Правда -33- Облосвод - общество спасения на водах

Марина Лопатина-С
    Как скверно, когда ходишь безработным. Все идут, торопятся, спешат по делам службы, а я хожу, путаясь у них под ногами, как ненужный, лишний человек. Ходил я, возможно, неделю и зашел в небольшой домик, где помещалась контора Обл.ОСВОДа. Предложил свои услуги, и меня взяли бухгалтером на небольшой оклад. Стал работать. Контора была небольшая: ст. бухгалтер, еще молодой, но мужиковатый, грубый человек, держал себя высокомерно - «Кто я!», два бухгалтера (со мной) и девушка, счетовод-кассир. Был начальник, Трапезников, еще больше ст. бухгалтера мнимый о себе. Считал себя как бы высшей расой. В контору не заходил, знал свой кабинет. Был старший водолазный инспектор Чирин Федя, молодой, интересный мужчина, простой и веселый человек. И был зам. начальника, товарищ Лушин, молодой, душа человек, небольшого роста, хороший товарищ, хотя и морально устойчивый коммунист. Контора была небольшая, но радиус ее работы был большой, от берегов Белого моря до Баренцева. Всюду были наши спасательные станции с начальниками, водоспасателями и легководолазами с заплечными аппаратами ВПА-2, резиновым костюмом, такой же маской, со стеклами, как у противогаза и особые ботинки с грузом. Таких станций было штук 15-20, были у них разные плавсредства, начиная от шлюпок, катеров и было 2-а крейсера-парусники «Товарищ» и «Комсомолец». Функции их были таковы: в шторм - выходить в море и спасать утопающих и терпящих бедствие. Ближняя спасательная станция была напротив, за заливом. Лушин ездил по станциям, проводил политзанятия и готовил моряков военфлота, а Чирин обучал водолазному делу. Я вел материальные документы: списывал и приходовал спасательные круги, водолазную аппаратуру и прочую дребедень. Работа была нудная и атмосфера тяжелая: ст. бухгалтер, «я, ни я!», начальник того выше! Работал, скрепя сердце и тянул лямку.
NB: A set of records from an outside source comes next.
section \<open>Geometric convergence and monotone majorants\<close>

lemma geometric_steps_convergent:
  fixes a :: "nat \<Rightarrow> 'a::banach"
  assumes step: "\<And>j. norm (a (Suc j) - a j) \<le> K * (1/2)^j"
  shows "a \<longlonglongrightarrow> lim a" and "norm (lim a - a j) \<le> 2 * K * (1/2)^j"
proof -
  let ?b = "\<lambda>j. a (Suc j) - a j"
  have geo: "summable (\<lambda>i. K * (1/2::real)^i)"
    by (intro summable_mult summable_geometric) simp
  have b: "summable ?b"
    using step by (intro summable_comparison_test'[OF geo]) auto
  have "(\<lambda>n. a 0 + (\<Sum>j<n. ?b j)) \<longlonglongrightarrow> a 0 + suminf ?b"
    by (intro tendsto_add tendsto_const summable_LIMSEQ b)
  then have "a \<longlonglongrightarrow> a 0 + suminf ?b" by (simp add: sum_lessThan_telescope)
  then show "a \<longlonglongrightarrow> lim a" by (simp add: limI)
  then have "lim a = a 0 + suminf ?b" using \<open>a \<longlonglongrightarrow> a 0 + suminf ?b\<close> LIMSEQ_unique by blast
  also have "\<dots> = a j + (\<Sum>i. ?b (i + j))"
    by (simp add: suminf_split_initial_segment[OF b, of j] sum_lessThan_telescope)
  finally have "norm (lim a - a j) = norm (\<Sum>i. ?b (i + j))" by simp
  also have "\<dots> \<le> (\<Sum>i. K * (1/2)^j * (1/2)^i)"
    using step[of "_ + j"] by (intro norm_suminf_le summable_mult summable_geometric)
      (auto simp: power_add mult_ac)
  also have "\<dots> = 2 * K * (1/2)^j"
    by (simp add: suminf_mult suminf_geometric)
  finally show "norm (lim a - a j) \<le> 2 * K * (1/2)^j" .
qed

lemma nonpos_if_le_geometric:
  assumes "\<And>j. x \<le> K * (1/2::real)^j"
  shows "x \<le> 0"
proof -
  have "(\<lambda>j. K * (1/2::real)^j) \<longlonglongrightarrow> K * 0"
    by (intro tendsto_mult tendsto_const LIMSEQ_power_zero) auto
  then show ?thesis using assms by (intro LIMSEQ_le_const[of _ 0]) auto
qed

lemma AE_geometric_steps_convergent:
  fixes y :: "nat \<Rightarrow> real \<Rightarrow> 'a::banach"
  assumes "\<And>j. AE s in M. s \<in> S \<longrightarrow> norm (y (Suc j) s - y j s) \<le> K s * (1/2)^j"
  shows "AE s in M. s \<in> S \<longrightarrow> (\<lambda>j. y j s) \<longlonglongrightarrow> lim (\<lambda>j. y j s) \<and>
           (\<forall>j. norm (lim (\<lambda>j. y j s) - y j s) \<le> 2 * K s * (1/2)^j)"
proof -
  have "AE s in M. \<forall>j. s \<in> S \<longrightarrow> norm (y (Suc j) s - y j s) \<le> K s * (1/2)^j"
    using assms by (subst AE_all_countable) auto
  then show ?thesis
    by eventually_elim (auto intro: geometric_steps_convergent[where a="\<lambda>j. y j _"])
qed

lemma lim_eventually_eq: "eventually (\<lambda>m. a m = c) sequentially \<Longrightarrow> lim a = c"
  by (intro limI tendsto_eventually)

lemma set_borel_measurable_lim:
  fixes y :: "nat \<Rightarrow> 'b \<Rightarrow> 'a::{banach, second_countable_topology}"
  assumes "\<And>j. set_borel_measurable M S (y j)"
  shows "set_borel_measurable M S (\<lambda>s. lim (\<lambda>j. y j s))"
proof -
  have "(\<lambda>s. lim (\<lambda>j. indicator S s *\<^sub>R y j s)) \<in> borel_measurable M"
    using assms unfolding set_borel_measurable_def by (rule borel_measurable_lim_metric)
  moreover have "lim (\<lambda>j. indicator S s *\<^sub>R y j s) = indicator S s *\<^sub>R lim (\<lambda>j. y j s)" for s
    by (cases "s \<in> S") (simp_all add: lim_eventually_eq)
  ultimately show ?thesis by (simp add: set_borel_measurable_def)
qed
(* Let $T>0$, $0<\eta<T$, $0<\alpha<\frac{1}{\eta}$, let $f\in C([0,\infty),[0,\infty))$, and let $a\in C([0,T],[0,\infty))$ with $a(t_0)>0$ for some $t_0\in[0,T]$. Consider the boundary value problem \[ u''(t)+a(t)f(u(t))=0,\quad 0<t<T,\qquad u'(0)=0,\quad u(T)=\alpha\int_0^{\eta}u(s)\,ds. \tag{P} \] Assume: (a) there exist constants $\rho_2>0$ and $M_2\in[\Lambda_2,\infty)$ such that $f(u)\ge M_2\rho_2$ for all $u\in[\gamma\rho_2,\rho_2]$; (b) $f_0=\alpha_1\in[0,\theta_1\Lambda_1)$ for some $\theta_1\in(0,1]$; (c) $f_\infty=\beta_2\in[0,\theta_1\Lambda_1)$ for some $\theta_1\in(0,1]$. Then (P) has at least two positive solutions $u_1,u_2$ with \[ 0<\|u_1\|<\rho_2<\|u_2\|. \]
   Context: $f_0=\lim_{u\to0^+}\frac{f(u)}{u}$, $f_\infty=\lim_{u\to\infty}\frac{f(u)}{u}$ (assumed to exist with the stated values). $\|u\|=\max_{t\in[0,T]}|u(t)|$. $\gamma=\dfrac{\alpha\eta(T-\eta)}{T-\alpha\eta^2}$, $\Lambda_1=\dfrac{1-\alpha\eta}{\int_0^T (T-s)a(s)\,ds}$, and $\Lambda_2=\dfrac{1-\alpha\eta}{\gamma\left(\int_\eta^T (T-s)a(s)\,ds+\frac12\int_0^\eta\left[2(T-\eta)+\alpha(\eta^2-s^2)\right]a(s)\,ds\right)}$. A positive solution of (P) is a function $u\in C^2([0,T])$ satisfying (P) with $u(t)\ge0$ on $[0,T]$ and $u$ not identically zero. *)

theory Defs
  imports "HOL-Analysis.Analysis"
begin

definition gammaP :: "real \<Rightarrow> real \<Rightarrow> real \<Rightarrow> real" where
  "gammaP T \<alpha> \<eta> = \<alpha> * \<eta> * (T - \<eta>) / (T - \<alpha> * \<eta>^2)"

definition Lambda1 :: "real \<Rightarrow> real \<Rightarrow> real \<Rightarrow> (real \<Rightarrow> real) \<Rightarrow> real" where
  "Lambda1 T \<alpha> \<eta> a = (1 - \<alpha> * \<eta>) / integral {0..T} (\<lambda>s. (T - s) * a s)"

definition Lambda2 :: "real \<Rightarrow> real \<Rightarrow> real \<Rightarrow> (real \<Rightarrow> real) \<Rightarrow> real" where
  "Lambda2 T \<alpha> \<eta> a = (1 - \<alpha> * \<eta>) /
     (gammaP T \<alpha> \<eta> * (integral {\<eta>..T} (\<lambda>s. (T - s) * a s)
        + (1/2) * integral {0..\<eta>} (\<lambda>s. (2 * (T - \<eta>) + \<alpha> * (\<eta>^2 - s^2)) * a s)))"

definition supnorm :: "real \<Rightarrow> (real \<Rightarrow> real) \<Rightarrow> real" where
  "supnorm T u = Sup ((\<lambda>t. \<bar>u t\<bar>) ` {0..T})"

definition C2_on :: "real \<Rightarrow> (real \<Rightarrow> real) \<Rightarrow> (real \<Rightarrow> real) \<Rightarrow> (real \<Rightarrow> real) \<Rightarrow> bool" where
  "C2_on T u u' u'' \<longleftrightarrow>
     (\<forall>t\<in>{0..T}. (u has_real_derivative u' t) (at t within {0..T})
                 \<and> (u' has_real_derivative u'' t) (at t within {0..T}))
     \<and> continuous_on {0..T} u''"

definition positive_solution ::
  "real \<Rightarrow> real \<Rightarrow> real \<Rightarrow> (real \<Rightarrow> real) \<Rightarrow> (real \<Rightarrow> real) \<Rightarrow> (real \<Rightarrow> real) \<Rightarrow> bool" where
  "positive_solution T \<eta> \<alpha> a f u \<longleftrightarrow>
     (\<exists>u' u''. C2_on T u u' u''
        \<and> (\<forall>t\<in>{0<..<T}. u'' t + a t * f (u t) = 0)
        \<and> u' 0 = 0
        \<and> u T = \<alpha> * integral {0..\<eta>} u)
     \<and> (\<forall>t\<in>{0..T}. u t \<ge> 0)
     \<and> (\<exists>t\<in>{0..T}. u t \<noteq> 0)"

end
    Раз после работы ушел домой, как всегда проспал ночь в своем собственном домике. Радио на ночь мы выключали, и ничего не зная, проспали, втроем - я, Маша и маленький Витя. Утром иду на работу, ничего не замечая по пути. Зашел в контору и удивился, никто не работает, все толпятся, галдят, бутылки с вином недопитые, дым, на полу масса окурков. Оказывается, война! Еще ночью всех сотрудников подняли в Дом Культуры, где им вручили явки в части. Протолклись здесь они часов до 10-ти утра, и ушли по назначению, в т.ч. и два «важных», т.е. ст. бухгалтер и начальник. Остались в конторе я (один за всех) и девушка кассир. Из начальства, заместитель Лушин, и водолаз Чирин.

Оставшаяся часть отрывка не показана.